Tuesday 10 August 2010

1949

Inspired by George Orwell's title for his novel, 1984, published in 1949, I raise two points about the year 1949: Martin Esslin's friendship with Beckett started from the time he brought the playwright a Grundig TK-5 tape-recorder from London to enable him to listen to the tape of his 1957 radio play All That Fall, as Beckett had complained that he wasn't able to listen to the BBC World Service broadcasting of the play due to bad windy weather. Beckett was so fascinated by the machine that it inspired him with the idea to write next year Krapp's Last Tape where in the winter 1973 Royal Court Theatre production, Albert Finney, headstrongly doesn't turn his head slowly. How come that Beckett was unaware of Arthur Miller's 1949 play, Death of a Salesman where there is a tape-recorder! I saw the Lyric-Shaftesbury Avenue Death of a Salesman during my July, 2005 Reading visit when I met you. Ruby advised me agaist seeing it. I, however, went to see it. Ruby was right.

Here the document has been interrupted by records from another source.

lemma cond_iii_iff:
  "cond_iii (a, b) (r, c) \<longleftrightarrow> a \<noteq> b \<and> a \<noteq> c \<and> r \<noteq> b \<and> r \<noteq> c \<and>
    (r < a \<and> b < c \<and> (r < b \<and> a < b \<or> b < r \<and> r < c \<and> c < a \<or> c < r) \<or>
     a < r \<and> c < b \<and> (a < c \<and> r < c \<or> c < a \<and> a < b \<and> b < r \<or> b < a))"
  unfolding cond_iii_def by auto

lemma entry_deg_eq_0_iff:
  assumes "is_entry n (a, b)" "is_entry n (r, c)"
  shows "entry_deg n (a, b) (r, c) = 0 \<longleftrightarrow>
    same_line (a, b) (r, c) \<or> cond_ii (a, b) (r, c) \<or> cond_iii (a, b) (r, c)"
proof -
  have "entry_deg n (a, b) (r, c) = 0 \<longleftrightarrow> cyc_pos n a r = 1 \<or>
      (cyc_pos n a r < cyc_pos n a c \<and>
        (cyc_pos n a b < cyc_pos n a r \<or> cyc_pos n a c \<le> cyc_pos n a b)) \<or>
      (cyc_pos n a c < cyc_pos n a r \<and> cyc_pos n a b \<le> cyc_pos n a c)"
    unfolding entry_deg_def fst_conv snd_conv
    by (rule first_row_deg_eq_0_iff) (use assms in \<open>auto simp: is_entry_def cyc_pos_def\<close>)
  also have "\<dots> \<longleftrightarrow> same_line (a, b) (r, c) \<or> cond_ii (a, b) (r, c) \<or> cond_iii (a, b) (r, c)"
    using assms unfolding cond_ii_iff cond_iii_iff same_line_def is_entry_def cyc_pos_def
    by (cases rule: linorder_cases[of a r]; cases rule: linorder_cases[of b c]) auto
  finally show ?thesis .
qed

In 1956, in Telkaif, a village in Northern Iraq where the family lived, we had a Grundig TK-5 tape-recorder which my father bought to record his voice singing


This is point 1, point 2 is

In 1949, using the East Berlin ruins for a setting, Brecht staged a memorable production of his own Mutter Courage und ihre Kinder. During my visit to Eric Bentley in his Manhattan suite in July 2004, Bentley told me that he attended that show. In his The Death of Tragedy, George Steiner mentions that he was at that show, too. One wonders if Beckett knew of that, or perhaps attended the show, especially that he was a frequent visitor to Germany?